Sementara itu, di awal tahun ini CrowdDana mengumumkan bahwa sudah ada dua proyek pembangunan indekos yang berhasil didanai. Nilainya mencapai Rp14,6 miliar dan kemungkinan saat ini sudah lebih. Di wawancara terakhir dengan DailySocial, mereka menyebutkan bahwa tahun ini akan masuk ke vertikal baru, yakni bisnis makanan dan jasa.
“Dari respons masyarakat dan pemilik bisnis franchise, permintaannya sangat besar. Dari sisi pemodal [masyarakat], berinvestasi di bisnis restoran atau jasa juga lebih mudah dimengerti, dibanding properti.
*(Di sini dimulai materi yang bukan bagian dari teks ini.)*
lemma meromorphic_on_power_bound:
  assumes "h meromorphic_on {z0}"
  shows "\<exists>N. \<forall>\<^sub>F w in at z0. \<forall>M\<ge>N. norm (h w) * norm (w - z0) ^ M \<le> 1"
proof (cases "\<forall>\<^sub>F w in at z0. h w = 0")
  case True
  show ?thesis
    by (rule exI[of _ 0]) (use True in \<open>eventually_elim, auto\<close>)
next
  case False
  then have freq: "\<exists>\<^sub>F w in at z0. h w \<noteq> 0"
    by (simp add: not_eventually)
  have iso: "isolated_singularity_at h z0" and ness: "not_essential h z0"
    using assms meromorphic_on_isolated_singularity meromorphic_on_not_essential by blast+
  define n where "n = zorder h z0"
  obtain r where r: "r > 0" "zor_poly h z0 holomorphic_on cball z0 r"
      "\<And>w. w \<in> cball z0 r - {z0} \<Longrightarrow> h w = zor_poly h z0 w * (w - z0) powi n"
    using zorder_exist[OF iso ness freq] unfolding n_def by blast
  have "compact (zor_poly h z0 ` cball z0 r)"
    using r(2) by (intro compact_continuous_image holomorphic_on_imp_continuous_on) auto
  then obtain B where B: "B > 0" "\<And>w. w \<in> cball z0 r \<Longrightarrow> norm (zor_poly h z0 w) \<le> B"
    using compact_imp_bounded bounded_pos by (metis imageI)
  define N where "N = nat (- n) + 1"
  have bound: "norm (h w) * norm (w - z0) ^ M \<le> 1"
    if w: "w \<noteq> z0" "dist w z0 < min r (min 1 (1 / B))" and M: "N \<le> M" for w M
  proof -
    define d where "d = norm (w - z0)"
    have d: "d > 0" "d < 1" "d < 1 / B"
      using w by (auto simp: d_def dist_norm)
    have w_in: "w \<in> cball z0 r - {z0}"
      using w by (auto simp: dist_norm norm_minus_commute)
    have exp_pos: "n + int M \<ge> 1"
      using M unfolding N_def by linarith
    have "norm (h w) * d ^ M = norm (zor_poly h z0 w) * d powi (n + int M)"
      using r(3)[OF w_in] d by (simp add: norm_mult norm_power_int d_def power_int_add)
    also have "d powi (n + int M) = d ^ nat (n + int M)"
      using exp_pos by (metis nat_0_le order_trans zero_le_one power_int_of_nat)
    also have "\<dots> \<le> d"
      using d exp_pos power_decreasing[of 1 "nat (n + int M)" d] by simp
    finally have "norm (h w) * d ^ M \<le> norm (zor_poly h z0 w) * d"
      by (simp add: mult_left_mono)
    also have "\<dots> \<le> B * (1 / B)"
      using B w_in d by (intro mult_mono) auto
    finally show ?thesis
      using B by (simp add: d_def)
  qed
  have "min r (min 1 (1 / B)) > 0"
    using r B by simp
  then show ?thesis
    using bound unfolding eventually_at by blast
qed

lemma meromorphic_family_power_bound:
  assumes "finite K" "\<And>k. k \<in> K \<Longrightarrow> h k meromorphic_on {z0}"
  shows "\<exists>N. \<forall>\<^sub>F w in at z0. \<forall>k\<in>K. norm (h k w) * norm (w - z0) ^ N \<le> 1"
proof -
  have "\<forall>k\<in>K. \<exists>N. \<forall>\<^sub>F w in at z0. \<forall>M\<ge>N. norm (h k w) * norm (w - z0) ^ M \<le> 1"
    using meromorphic_on_power_bound assms(2) by blast
  then obtain N where N: "\<forall>k\<in>K. \<forall>\<^sub>F w in at z0. \<forall>M\<ge>N k. norm (h k w) * norm (w - z0) ^ M \<le> 1"
    by (rule bchoice[elim_format]) blast
  have "\<forall>\<^sub>F w in at z0. \<forall>k\<in>K. norm (h k w) * norm (w - z0) ^ (\<Sum>k\<in>K. N k) \<le> 1"
  proof (rule eventually_ball_finite[OF assms(1)], intro ballI)
    fix k assume k: "k \<in> K"
    have le: "N k \<le> (\<Sum>k\<in>K. N k)"
      using assms(1) k by (intro member_le_sum) auto
    show "\<forall>\<^sub>F w in at z0. norm (h k w) * norm (w - z0) ^ (\<Sum>k\<in>K. N k) \<le> 1"
      using bspec[OF N k] by eventually_elim (use le in auto)
  qed
  then show ?thesis ..
qed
Dari sisi penerbit [pemilik franchise], mereka ingin melakukan ekspansi bisnis tapi tidak memiliki akses ke pendanaan finansial,” terang Co-Founder & Chief Product and Marketing Officer CrowdDana Stevanus Iskandar Halim.
Kemungkinan industri ECF kian ramai terbuka lebar mengingat saat ini sudah ada beberapa yang masuk dalam tahap pengurusan izin. Salah satu di antaranya adalah Likuid, sebuah platform ECF yang menawarkan layanan penawaran saham untuk proyek kreatif.
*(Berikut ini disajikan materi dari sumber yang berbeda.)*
theorem theorem4:
  fixes n :: nat and m :: "nat \<Rightarrow> nat"
    and A :: "nat \<Rightarrow> nat \<Rightarrow> nat \<Rightarrow> nat \<Rightarrow> real"
    and h :: "nat \<Rightarrow> (nat \<Rightarrow> real) \<Rightarrow> real"
    and xs :: "nat \<Rightarrow> nat \<Rightarrow> real"
    and y0 :: "nat \<Rightarrow> nat \<Rightarrow> real"
  assumes strat_nonempty: "\<forall>i<n. m i \<ge> 1"
    and zero_sum: "network_zero_sum n m A"
    and nash: "nash_eq n m A xs"
    and mixed: "fully_mixed n m xs"
    and rational: "\<forall>i<n. \<forall>k<m i. xs i k \<in> \<rat>"
    and balanced: "\<forall>i<n. \<forall>k<m i. payoff_vec n m A xs i k = 0"
    and reg_convex: "\<forall>i<n. strictly_convex_on (strat_simplex (m i)) (h i)"
    and reg_max: "\<forall>i<n. \<forall>y. \<exists>x\<in>strat_simplex (m i).
                    \<forall>x'\<in>strat_simplex (m i). ip (m i) y x' - h i x' \<le> ip (m i) y x - h i x"
    and reg_pos: "\<forall>y\<in>reach n m A y0. \<forall>i<n. \<forall>k<m i. grad_conj (m i) (h i) (y i) k > 0"
  shows "irreducible_chain (reach n m A y0) (Pbar n m A h)"
proof (rule irreducible_chainI[where E = "step_edges n m A"])
  obtain c D where counts: "zero_drift_counts n m A c D"
    using zero_drift_counts_of_equilibrium nash mixed rational balanced
    unfolding nash_eq_def by blast
  show "\<forall>y\<in>reach n m A y0. \<forall>y'\<in>reach n m A y0. (y, y') \<in> (step_edges n m A)\<^sup>*"
    using reach_connected_if_steps_reversible step_reversible[OF counts] by blast
  show "\<forall>y\<in>reach n m A y0. \<forall>w\<in>reach n m A y0. 0 \<le> Pbar n m A h y w"
    using reg_pos Pbar_nonneg by blast
  show "\<forall>y\<in>reach n m A y0. finite {w \<in> reach n m A y0. Pbar n m A h y w \<noteq> 0}"
  proof
    fix y
    have "{w \<in> reach n m A y0. Pbar n m A h y w \<noteq> 0} \<subseteq> step n m A y ` profiles n m"
      using Pbar_eq_0 by blast
    then show "finite {w \<in> reach n m A y0. Pbar n m A h y w \<noteq> 0}"
      by (rule finite_subset) (simp add: finite_profiles)
  qed
  fix y w assume "(y, w) \<in> step_edges n m A" "y \<in> reach n m A y0"
  then show "w \<in> reach n m A y0 \<and> 0 < Pbar n m A h y w"
    using reg_pos Pbar_step_pos
    by (auto simp: step_edges_def reach_eq_Image_rtrancl_step_edges intro: rtrancl_into_rtrancl)
qed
Regulasi yang diapresiasi dan edukasi yang masih terus berjalan
Regulasi yang dikeluarkan OJK diapresiasi Reza dan Vincent. Keduanya sepakat bahwa beleid yang ada saat ini sudah cukup untuk melindungi industri, baik untuk investor, platform maupun bisnis. Kendati demikian kordinasi masih tetap dilakukan untuk menjaga relevansi regulasi dengan kondisi di lapangan.
“Saat ini regulasi equity crowdfunding di Indonesia sebenarnya sudah cukup menjaga kebutuhan berbagai pihak, mulai dari sisi Penyelenggara, Penerbit atau Pemodal. Walaupun memang masih banyak hal yang perlu ditingkatkan, terutama dari sisi kesesuaian dengan kebutuhan para pelakunya di lapangan,” ujar Vincent.
Sedangkan Reza mengatakan, “Pada prinsipnya dengan dikeluarkannya POJK 37 tersebut merupakan langkah yang cukup bagus untuk melegitimasi bahwa aktifitas yang dilakukan platform ECF sudah seizin regulator atau OJK, bukan investasi bodong. Belum kompleksnya aturan yang terkait langsung dengan pelaksanaan ECF ini merupakan potensi yang bisa dioptimalkan bagi pihak platform penyelenggara untuk melakukan inovasi/terobosan dalam bisnis proses yang ada.”
Sejauh ini yang menjadi tantangan ECF ada pada edukasi masyarakat dan pemilik usaha. Di sisi masyarakat ada urgensi untuk menyosialisasikan ada opsi lain investasi selain emas, reksa dana, atau saham di bursa saham bernama equity crowdfunding. Termasuk pemahaman regulasi dan risiko yang ada.